Da heute des Wetter ja grade etwas besser war bin ich auch mal hin gefahren! Joa deine Beschreibeungen Treffens perfeckt deshalb will ich da auch keine großen Worte drüber verlieren, bis auf das ich es mir net ganz anschauen konnte weil da irg ne Tote Ziege den Weg versperrt hat ! aber wurscht ich denke aber das man da trotzdem nen weng was machen kann und wüsste nicht wer was gegen nen paar halzbaute da hätte! Solange man die gescheit befesstigt das die net irg penner verheizen dürfte des net so des Prob werden!
Hab auch ein paar Bilder aber daa ich Leider nur so eine Uralt Digi Cam zur verfügung hatte heute und da irg der macro-Modus drin war sind die alle nix geworden!  

Also vll komm ich ja dazu in den Pfingst-Ferien nen bsichen was da zu machen das des auch für nicht Ortsansässige was wird


*Edit* Versuche nächstens mal ne gescheite Cam zu bekommen


----------



## Trailsucker (28. Mai 2006)

nimm einfach mich mit. können wir ja irg wann ma machen. wenn ich dem wetterbericht glaube solls ******* werden.


----------



## cubdod (27. August 2006)

servus,  bin neu/quer oder wiedereinsteiger und wohne auch bei euch in der nähe (estenfeld), ab oktober wieder noch näher (gerbrunn) und wollte fragen, ob sich bei eurer spot-suche seit dem start des threats noch etwas getan hat? wir eiern in der gegend mit dem meinem bus rum und finden ausser höchberg auch nichts sonderlich tolles. wir komme ich denn in den bruch in winterhausen? wäre nett, wenn in noch ein paar infos bekommen könnte. grüße jan


----------



## MTB-News.de




----------



## psytroll (22. September 2006)

Zers, seid ihr inzwischen zusammen biken?
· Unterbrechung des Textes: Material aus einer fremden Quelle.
(* The logic $\mathsf{sCond}_{\mathrm{ACL}}^{\mathbf{UC}}=\mathsf{ICK}\oplus(q\to(p\mathrel{\Box\!\!\!\rightarrow} q))\oplus(p\mathrel{\Box\!\!\!\rightarrow}((p\mathrel{\Box\!\!\!\rightarrow} q)\to q))$ is sound and complete with respect to the class of conditional frames $(X,\leq,\mathcal{R})$ such that for all $x,y\in X$ and $R_a\in\mathcal{R}$: $xR_ay$ implies $x\leq y$, and $x(R_a\circ\leq)y$ implies $y(R_a\circ\leq)y$.
   Context: Formulas: $\phi ::= p\mid\bot\mid\phi\wedge\phi\mid\phi\vee\phi\mid\phi\to\phi\mid\phi\mathrel{\Box\!\!\!\rightarrow}\phi$. $\mathsf{ICK}\oplus\Gamma$ is the smallest set containing intuitionistic propositional logic, $\Gamma$, $(p\mathrel{\Box\!\!\!\rightarrow}(q\wedge r))\leftrightarrow((p\mathrel{\Box\!\!\!\rightarrow} q)\wedge(p\mathrel{\Box\!\!\!\rightarrow} r))$ and $(p\mathrel{\Box\!\!\!\rightarrow}\top)\leftrightarrow\top$, closed under uniform substitution, modus ponens and congruence rules for both arguments of $\mathrel{\Box\!\!\!\rightarrow}$. A conditional frame is $(X,\leq,\mathcal{R})$, $(X,\leq)$ a nonempty preorder, $\mathcal{R}=\{R_a\mid a\text{ an upset}\}$ with $(\leq\circ R_a)\subseteq(R_a\circ\leq)$; valuations assign upsets to letters and $x\models\phi\mathrel{\Box\!\!\!\rightarrow}\psi$ iff every $y$ with $xR_{V(\phi)}y$ satisfies $\psi$. Relation composition $R\circ S$ relates $x$ to $z$ if $xRy$ and $ySz$ for some $y$. *)

theory Defs
  imports Main
begin

datatype form =
    Atom nat
  | Bot
  | And form form
  | Or form form
  | Imp form form
  | Cond form form

definition Top :: form where "Top = Imp Bot Bot"
definition Iff :: "form \<Rightarrow> form \<Rightarrow> form" where
  "Iff a b = And (Imp a b) (Imp b a)"

primrec subst :: "(nat \<Rightarrow> form) \<Rightarrow> form \<Rightarrow> form" where
  "subst s (Atom n) = s n"
| "subst s Bot = Bot"
| "subst s (And a b) = And (subst s a) (subst s b)"
| "subst s (Or a b) = Or (subst s a) (subst s b)"
| "subst s (Imp a b) = Imp (subst s a) (subst s b)"
| "subst s (Cond a b) = Cond (subst s a) (subst s b)"

abbreviation "P \<equiv> Atom 0"
abbreviation "Q \<equiv> Atom 1"
abbreviation "R \<equiv> Atom 2"

text \<open>Intuitionistic propositional logic is given by a standard Hilbert system
  (axiom schemes + modus ponens); the remaining axioms are stated for the letters
  p, q, r and the logic is closed under uniform substitution, modus ponens and
  the congruence rules for both arguments of the conditional.\<close>

inductive_set ICK :: "form set \<Rightarrow> form set" for G :: "form set" where
  ipc1: "Imp a (Imp b a) \<in> ICK G"
| ipc2: "Imp (Imp a (Imp b c)) (Imp (Imp a b) (Imp a c)) \<in> ICK G"
| ipc3: "Imp (And a b) a \<in> ICK G"
| ipc4: "Imp (And a b) b \<in> ICK G"
| ipc5: "Imp a (Imp b (And a b)) \<in> ICK G"
| ipc6: "Imp a (Or a b) \<in> ICK G"
| ipc7: "Imp b (Or a b) \<in> ICK G"
| ipc8: "Imp (Imp a c) (Imp (Imp b c) (Imp (Or a b) c)) \<in> ICK G"
| ipc9: "Imp Bot a \<in> ICK G"
| gam: "g \<in> G \<Longrightarrow> g \<in> ICK G"
| ax_and: "Iff (Cond P (And Q R)) (And (Cond P Q) (Cond P R)) \<in> ICK G"
| ax_top: "Iff (Cond P Top) Top \<in> ICK G"
| sub: "a \<in> ICK G \<Longrightarrow> subst s a \<in> ICK G"
| mp: "Imp a b \<in> ICK G \<Longrightarrow> a \<in> ICK G \<Longrightarrow> b \<in> ICK G"
| cong_l: "Iff a b \<in> ICK G \<Longrightarrow> Iff (Cond a c) (Cond b c) \<in> ICK G"
| cong_r: "Iff a b \<in> ICK G \<Longrightarrow> Iff (Cond c a) (Cond c b) \<in> ICK G"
Ich komme aus Ochsenfurt und bin auch die ganze Zeit auf der Suche nach n paar geilen sachen hier in der Gegend. Jedoch noch Anfänger is sachen Dirten. Ich kenn mich mich zwischen Ochsenfurt und Eibelstadt auf der südlichen Seite ganz gut aus, doch zum richtig dirten gibts da auch net wirklich  
was. 
Interessant is evtl. der Sommerhäuser Steinbruch oder Lützelsgrund Bruch bei Eibelstadt/Theilheim da sind n paar krasse Drops. Aber erwartet nicht soviel wir sind hier in Unterfranken  

In Ochsenfurt gibts ne Moto Cross Strecke. Und es stöhrt 100% keinen wenn man da biken geht. 
Können uns ja ma treffen.


----------



## cubdod (23. September 2006)

ich kann mich ja ein paar tage vorher melden, wenn es abzusehen ist, dass wir bei dir in der gegend sind! hast du ein auto?


----------